The answer must be every line of the records below that contains the word "exists".

# # # # # # #

(* Let $r\ge 0$ be fixed. There is a constant $C>0$ depending only on $r$ such that for every $n$ and every hypergraph $H\in\mathcal K_r(n)$, there exists a hypergraph $H'$ on $[n]$ with at most $C n^{r+1}$ hyperedges (i.e. $\mathcal O(n^{r+1})$) such that $H=\mathrm{cl}_r(H')$.
   Context: Hypergraphs on $V=[n]$ are identified with their hyperedge sets. $\mathcal K_r(n)$ is the class of hypergraphs $\mathcal E$ on $V$ satisfying: (R0) every $X\subseteq V$ with $|X|\le r$ is in $\mathcal E$; (R1) $A\in\mathcal E\Rightarrow V\setminus A\in\mathcal E$; (R2) $A,B\in\mathcal E$ and $|A\cap B|\ge r\Rightarrow A\cup B\in\mathcal E$. For a hypergraph $H$ on $V$, $\mathrm{cl}_r(H)$ is the intersection of all hypergraphs in $\mathcal K_r(n)$ containing $H$. *)

theory Defs
  imports Complex_Main
begin

definition vset :: "nat \<Rightarrow> nat set" where
  "vset n = {1..n}"

definition is_hypergraph :: "nat \<Rightarrow> nat set set \<Rightarrow> bool" where
  "is_hypergraph n E \<longleftrightarrow> (\<forall>A\<in>E. A \<subseteq> vset n)"

definition K_class :: "nat \<Rightarrow> nat \<Rightarrow> nat set set set" where
  "K_class r n = {E. is_hypergraph n E
      \<and> (\<forall>X. X \<subseteq> vset n \<and> card X \<le> r \<longrightarrow> X \<in> E)
      \<and> (\<forall>A\<in>E. vset n - A \<in> E)
      \<and> (\<forall>A\<in>E. \<forall>B\<in>E. card (A \<inter> B) \<ge> r \<longrightarrow> A \<union> B \<in> E)}"

definition cl :: "nat \<Rightarrow> nat \<Rightarrow> nat set set \<Rightarrow> nat set set" where
  "cl r n H = \<Inter> {E \<in> K_class r n. H \<subseteq> E}"

end

theory Submission
  imports Defs
begin

text \<open>For an \<open>r\<close>-set \<open>U\<close>, the hyperedges avoiding \<open>U\<close> are closed under
  intersection (their complements meet in \<open>U\<close>, so (R1) and (R2) apply), hence for every
  \<open>S\<close> there is a least hyperedge containing \<open>S\<close> and avoiding \<open>U\<close>. Now let \<open>A \<in> H\<close> with
  \<open>|A| > r\<close> and \<open>|[n] - A| > r\<close>, and pick \<open>r\<close>-sets \<open>T \<subseteq> A\<close> and \<open>U \<subseteq> [n] - A\<close>. Then \<open>A\<close> is the
  union of the least hyperedges containing \<open>T \<union> {x}\<close> and avoiding \<open>U\<close>, over \<open>x \<in> A\<close>; all of
  them contain \<open>T\<close>, so iterating (R2) recovers \<open>A\<close> from them. A priori this needs
  \<open>O(n^(2r+1))\<close> generators, but by pigeonhole on \<open>{1..2r}\<close> one of \<open>T\<close>, \<open>U\<close> can be chosen
  inside \<open>{1..2r}\<close>, leaving only \<open>O(n^(r+1))\<close> triples \<open>(T, U, x)\<close>.\<close>

lemma finite_vset [simp]: "finite (vset n)"
  by (simp add: vset_def)

lemma K_class_subset_vset: "E \<in> K_class r n \<Longrightarrow> A \<in> E \<Longrightarrow> A \<subseteq> vset n"
  unfolding K_class_def is_hypergraph_def by auto

lemma K_class_finite: "E \<in> K_class r n \<Longrightarrow> finite E"
  using K_class_subset_vset by (metis Pow_iff finite_Pow_iff finite_subset finite_vset subsetI)

lemma K_class_small: "E \<in> K_class r n \<Longrightarrow> X \<subseteq> vset n \<Longrightarrow> card X \<le> r \<Longrightarrow> X \<in> E"
  unfolding K_class_def by auto

lemma K_class_Diff: "E \<in> K_class r n \<Longrightarrow> A \<in> E \<Longrightarrow> vset n - A \<in> E"
  unfolding K_class_def by auto

lemma K_class_Un:
  "E \<in> K_class r n \<Longrightarrow> A \<in> E \<Longrightarrow> B \<in> E \<Longrightarrow> r \<le> card (A \<inter> B) \<Longrightarrow> A \<union> B \<in> E"
  unfolding K_class_def by auto

lemma K_class_Int:
  assumes E: "E \<in> K_class r n" and AB: "A \<in> E" "B \<in> E"
    and U: "U \<subseteq> vset n - (A \<union> B)" "r \<le> card U"
  shows "A \<inter> B \<in> E"
proof -
  have "U \<subseteq> (vset n - A) \<inter> (vset n - B)"
    using U(1) by blast
  then have "r \<le> card ((vset n - A) \<inter> (vset n - B))"
    using U(2) card_mono[of "(vset n - A) \<inter> (vset n - B)" U] by simp
  then have "vset n - ((vset n - A) \<union> (vset n - B)) \<in> E"
    using E AB by (simp add: K_class_Diff K_class_Un)
  moreover have "vset n - ((vset n - A) \<union> (vset n - B)) = A \<inter> B"
    using K_class_subset_vset[OF E] AB by blast
  ultimately show ?thesis
    by simp
qed

lemma K_class_Union:
  assumes E: "E \<in> K_class r n" and F: "finite F" "F \<noteq> {}" "F \<subseteq> E"
    and T: "\<forall>X\<in>F. T \<subseteq> X" "r \<le> card T"
  shows "\<Union>F \<in> E"
  using F T(1)
proof (induction F rule: finite_ne_induct)
  case (singleton X)
  then show ?case by simp
next
  case (insert X F)
  have "T \<subseteq> X \<inter> \<Union>F"
    using insert by blast
  moreover have "X \<subseteq> vset n"
    using insert K_class_subset_vset[OF E] by simp
  then have "finite (X \<inter> \<Union>F)"
    by (meson finite_Int finite_subset finite_vset)
  ultimately have "r \<le> card (X \<inter> \<Union>F)"
    using T(2) card_mono[of "X \<inter> \<Union>F" T] by simp
  then show ?case
    using K_class_Un[OF E] insert by simp
qed

lemma K_class_Inter:
  assumes E: "E \<in> K_class r n" and F: "finite F" "F \<noteq> {}" "F \<subseteq> E"
    and U: "\<forall>X\<in>F. X \<inter> U = {}" "U \<subseteq> vset n" "r \<le> card U"
  shows "\<Inter>F \<in> E"
  using F U(1)
proof (induction F rule: finite_ne_induct)
  case (singleton X)
  then show ?case by simp
next
  case (insert X F)
  have "U \<subseteq> vset n - (X \<union> \<Inter>F)"
    using insert U(2) by blast
  then show ?case
    using K_class_Int[OF E] insert U(3) by simp
qed

lemma cl_eqI:
  assumes "H \<in> K_class r n" "G \<subseteq> H"
    and "\<And>E A. E \<in> K_class r n \<Longrightarrow> G \<subseteq> E \<Longrightarrow> A \<in> H \<Longrightarrow> A \<in> E"
  shows "H = cl r n G"
  using assms unfolding cl_def by blast

definition least_edge :: "nat set set \<Rightarrow> nat set \<Rightarrow> nat set \<Rightarrow> nat set" where
  "least_edge H S U = \<Inter>{B \<in> H. S \<subseteq> B \<and> B \<inter> U = {}}"

lemma least_edge:
  assumes H: "H \<in> K_class r n" and A: "A \<in> H" "S \<subseteq> A" "A \<inter> U = {}"
    and U: "U \<subseteq> vset n" "r \<le> card U"
  shows "least_edge H S U \<in> H" "S \<subseteq> least_edge H S U" "least_edge H S U \<subseteq> A"
proof -
  let ?F = "{B \<in> H. S \<subseteq> B \<and> B \<inter> U = {}}"
  have "finite ?F" "?F \<noteq> {}"
    using K_class_finite[OF H] A by auto
  then show "least_edge H S U \<in> H"
    unfolding least_edge_def using K_class_Inter[OF H _ _ _ _ U] by blast
  show "S \<subseteq> least_edge H S U" "least_edge H S U \<subseteq> A"
    unfolding least_edge_def using A by auto
qed

lemma Union_least_edges:
  assumes "H \<in> K_class r n" "A \<in> H" "T \<subseteq> A" "A \<inter> U = {}" "U \<subseteq> vset n" "r \<le> card U"
  shows "(\<Union>x\<in>A. least_edge H (insert x T) U) = A"
proof -
  have "insert x T \<subseteq> least_edge H (insert x T) U" "least_edge H (insert x T) U \<subseteq> A"
    if "x \<in> A" for x
  proof -
    have "insert x T \<subseteq> A"
      using assms(3) that by simp
    then show "insert x T \<subseteq> least_edge H (insert x T) U" "least_edge H (insert x T) U \<subseteq> A"
      by (rule least_edge(2,3)[OF assms(1,2) _ assms(4-6)])+
  qed
  then show ?thesis
    by blast
qed

lemma obtain_separating_pair:
  assumes A: "A \<subseteq> vset n" "r \<le> card A" "r \<le> card (vset n - A)"
  obtains T U where "T \<subseteq> A" "U \<subseteq> vset n - A" "card T = r" "card U = r"
    "T \<subseteq> {1..2*r} \<or> U \<subseteq> {1..2*r}"
proof (cases "2 * r \<le> n")
  case True
  let ?I = "{1..2*r}"
  have "?I \<subseteq> vset n"
    using True by (auto simp: vset_def)
  then have "?I = (A \<inter> ?I) \<union> ((vset n - A) \<inter> ?I)"
    by blast
  then have "card ?I = card (A \<inter> ?I) + card ((vset n - A) \<inter> ?I)"
    using card_Un_disjoint[of "A \<inter> ?I" "(vset n - A) \<inter> ?I"] by auto
  then have "2 * r = card (A \<inter> ?I) + card ((vset n - A) \<inter> ?I)"
    by simp
  then consider "r \<le> card (A \<inter> ?I)" | "r \<le> card ((vset n - A) \<inter> ?I)"
    by linarith
  then show ?thesis
  proof cases
    case 1
    obtain T where "T \<subseteq> A \<inter> ?I" "card T = r"
      using 1 by (meson obtain_subset_with_card_n)
    moreover obtain U where "U \<subseteq> vset n - A" "card U = r"
      using A(3) by (meson obtain_subset_with_card_n)
    ultimately show ?thesis
      using that by blast
  next
    case 2
    obtain T where "T \<subseteq> A" "card T = r"
      using A(2) by (meson obtain_subset_with_card_n)
    moreover obtain U where "U \<subseteq> (vset n - A) \<inter> ?I" "card U = r"
      using 2 by (meson obtain_subset_with_card_n)
    ultimately show ?thesis
      using that by blast
  qed
next
  case False
  obtain T where "T \<subseteq> A" "card T = r"
    using A(2) by (meson obtain_subset_with_card_n)
  moreover obtain U where "U \<subseteq> vset n - A" "card U = r"
    using A(3) by (meson obtain_subset_with_card_n)
  moreover have "T \<subseteq> {1..2*r}"
    using A(1) False \<open>T \<subseteq> A\<close> by (auto simp: vset_def)
  ultimately show ?thesis
    using that by blast
qed

definition anchor_triples :: "nat \<Rightarrow> nat \<Rightarrow> (nat set \<times> nat set \<times> nat) set" where
  "anchor_triples r n = {(T, U, x). T \<subseteq> vset n \<and> card T = r \<and> U \<subseteq> vset n \<and> card U = r
      \<and> x \<in> vset n \<and> (T \<subseteq> {1..2*r} \<or> U \<subseteq> {1..2*r})}"

lemma binomial_mult_le_pow: "(n choose r) * n \<le> n ^ (r + 1)"
  using binomial_le_pow[of r n] by (cases "r \<le> n") (auto simp: binomial_eq_0)

lemma card_anchor_triples: "card (anchor_triples r n) \<le> 2 * 4 ^ r * n ^ (r + 1)"
proof -
  let ?S = "{U. U \<subseteq> vset n \<and> card U = r}" and ?P = "Pow {1..2*r}"
  have "anchor_triples r n \<subseteq> ?P \<times> ?S \<times> vset n \<union> ?S \<times> ?P \<times> vset n"
    unfolding anchor_triples_def by auto
  then have "card (anchor_triples r n) \<le> card (?P \<times> ?S \<times> vset n \<union> ?S \<times> ?P \<times> vset n)"
    by (rule card_mono[rotated]) simp
  also have "\<dots> \<le> card (?P \<times> ?S \<times> vset n) + card (?S \<times> ?P \<times> vset n)"
    by (rule card_Un_le)
  also have "\<dots> = 2 * 4 ^ r * ((n choose r) * n)"
    by (simp add: card_cartesian_product n_subsets card_Pow power_mult vset_def)
  also have "\<dots> \<le> 2 * 4 ^ r * n ^ (r + 1)"
    using binomial_mult_le_pow by simp
  finally show ?thesis .
qed

definition least_edges :: "nat \<Rightarrow> nat \<Rightarrow> nat set set \<Rightarrow> nat set set" where
  "least_edges r n H = H \<inter> (\<lambda>(T, U, x). least_edge H (insert x T) U) ` anchor_triples r n"

lemma card_least_edges: "card (least_edges r n H) \<le> 2 * 4 ^ r * n ^ (r + 1)"
proof -
  have "finite (anchor_triples r n)"
    by (rule finite_subset[of _ "Pow (vset n) \<times> Pow (vset n) \<times> vset n"])
      (auto simp: anchor_triples_def)
  then have "card (least_edges r n H) \<le> card (anchor_triples r n)"
    unfolding least_edges_def by (meson card_image_le card_mono finite_imageI inf_le2 le_trans)
  then show ?thesis
    using card_anchor_triples by (rule le_trans)
qed

lemma least_edge_in_least_edges:
  assumes "(T, U, x) \<in> anchor_triples r n" "least_edge H (insert x T) U \<in> H"
  shows "least_edge H (insert x T) U \<in> least_edges r n H"
proof -
  have "least_edge H (insert x T) U \<in> (\<lambda>(T, U, x). least_edge H (insert x T) U) ` anchor_triples r n"
    using assms(1) by (rule rev_image_eqI) simp
  then show ?thesis
    unfolding least_edges_def using assms(2) by blast
qed

lemma least_edges_generate_large:
  assumes H: "H \<in> K_class r n" and E: "E \<in> K_class r n" "least_edges r n H \<subseteq> E"
    and A: "A \<in> H" "r < card A" "r < card (vset n - A)"
  shows "A \<in> E"
proof -
  have AV: "A \<subseteq> vset n"
    using K_class_subset_vset[OF H A(1)] .
  obtain T U where TU: "T \<subseteq> A" "U \<subseteq> vset n - A" "card T = r" "card U = r"
    "T \<subseteq> {1..2*r} \<or> U \<subseteq> {1..2*r}"
    using obtain_separating_pair[OF AV less_imp_le[OF A(2)] less_imp_le[OF A(3)]] .
  have disj: "A \<inter> U = {}" and UV: "U \<subseteq> vset n" and rU: "r \<le> card U"
    using TU(2,4) by auto
  have edge: "least_edge H (insert x T) U \<in> H" "T \<subseteq> least_edge H (insert x T) U"
    if "x \<in> A" for x
  proof -
    have xT: "insert x T \<subseteq> A"
      using that TU(1) by simp
    show "least_edge H (insert x T) U \<in> H" "T \<subseteq> least_edge H (insert x T) U"
      using least_edge(1,2)[OF H A(1) xT disj UV rU] by simp_all
  qed
  define F where "F = (\<lambda>x. least_edge H (insert x T) U) ` A"
  have "(T, U, x) \<in> anchor_triples r n" if "x \<in> A" for x
    using TU that AV unfolding anchor_triples_def by auto
  then have "least_edge H (insert x T) U \<in> least_edges r n H" if "x \<in> A" for x
    using least_edge_in_least_edges edge(1) that by blast
  then have "F \<subseteq> least_edges r n H"
    unfolding F_def by blast
  then have "F \<subseteq> E"
    using E(2) by (rule order_trans)
  moreover have "\<forall>B\<in>F. T \<subseteq> B"
    unfolding F_def using edge(2) by blast
  moreover have "finite F" "F \<noteq> {}"
    unfolding F_def using finite_subset[OF AV finite_vset] A(2) by auto
  ultimately have "\<Union>F \<in> E"
    using K_class_Union[OF E(1)] TU(3) by simp
  then show ?thesis
    unfolding F_def using Union_least_edges[OF H A(1) TU(1) disj UV rU] by simp
qed

lemma least_edges_generate:
  assumes H: "H \<in> K_class r n" and E: "E \<in> K_class r n" "least_edges r n H \<subseteq> E"
    and A: "A \<in> H"
  shows "A \<in> E"
proof -
  have AV: "A \<subseteq> vset n"
    using K_class_subset_vset[OF H A] .
  consider "card A \<le> r" | "card (vset n - A) \<le> r" | "r < card A" "r < card (vset n - A)"
    by linarith
  then show ?thesis
  proof cases
    case 1
    then show ?thesis
      using K_class_small[OF E(1) AV] by simp
  next
    case 2
    then have "vset n - (vset n - A) \<in> E"
      by (intro K_class_Diff[OF E(1)] K_class_small[OF E(1)]) simp_all
    then show ?thesis
      using AV by (simp add: double_diff)
  next
    case 3
    then show ?thesis
      using least_edges_generate_large[OF H E A] by simp
  qed
qed

theorem mainTheorem12:
  fixes r :: nat
  shows "\<exists>C::real. C > 0 \<and>
    (\<forall>n::nat. \<forall>H \<in> K_class r n. \<exists>H'. is_hypergraph n H'
        \<and> real (card H') \<le> C * real n ^ (r + 1)
        \<and> H = cl r n H')"
proof (intro exI[of _ "2 * 4 ^ r"] conjI allI ballI)
  fix n H
  assume H: "H \<in> K_class r n"
  have sub: "least_edges r n H \<subseteq> H"
    unfolding least_edges_def by blast
  then have "is_hypergraph n (least_edges r n H)"
    using K_class_subset_vset[OF H] unfolding is_hypergraph_def by blast
  moreover have "real (card (least_edges r n H)) \<le> 2 * 4 ^ r * real n ^ (r + 1)"
    using of_nat_mono[OF card_least_edges[of r n H], where 'a=real] by simp
  moreover have "H = cl r n (least_edges r n H)"
    using cl_eqI[OF H sub] least_edges_generate[OF H] by blast
  ultimately show "\<exists>H'. is_hypergraph n H' \<and> real (card H') \<le> 2 * 4 ^ r * real n ^ (r + 1)
      \<and> H = cl r n H'"
    by blast
qed simp

end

# # # # # # #

* **Answer to this task**:
(* Let $r\ge 0$ be fixed. There is a constant $C>0$ depending only on $r$ such that for every $n$ and every hypergraph $H\in\mathcal K_r(n)$, there exists a hypergraph $H'$ on $[n]$ with at most $C n^{r+1}$ hyperedges (i.e. $\mathcal O(n^{r+1})$) such that $H=\mathrm{cl}_r(H')$.
  shows "\<exists>C::real. C > 0 \<and>
    (\<forall>n::nat. \<forall>H \<in> K_class r n. \<exists>H'. is_hypergraph n H'
  ultimately show "\<exists>H'. is_hypergraph n H' \<and> real (card H') \<le> 2 * 4 ^ r * real n ^ (r + 1)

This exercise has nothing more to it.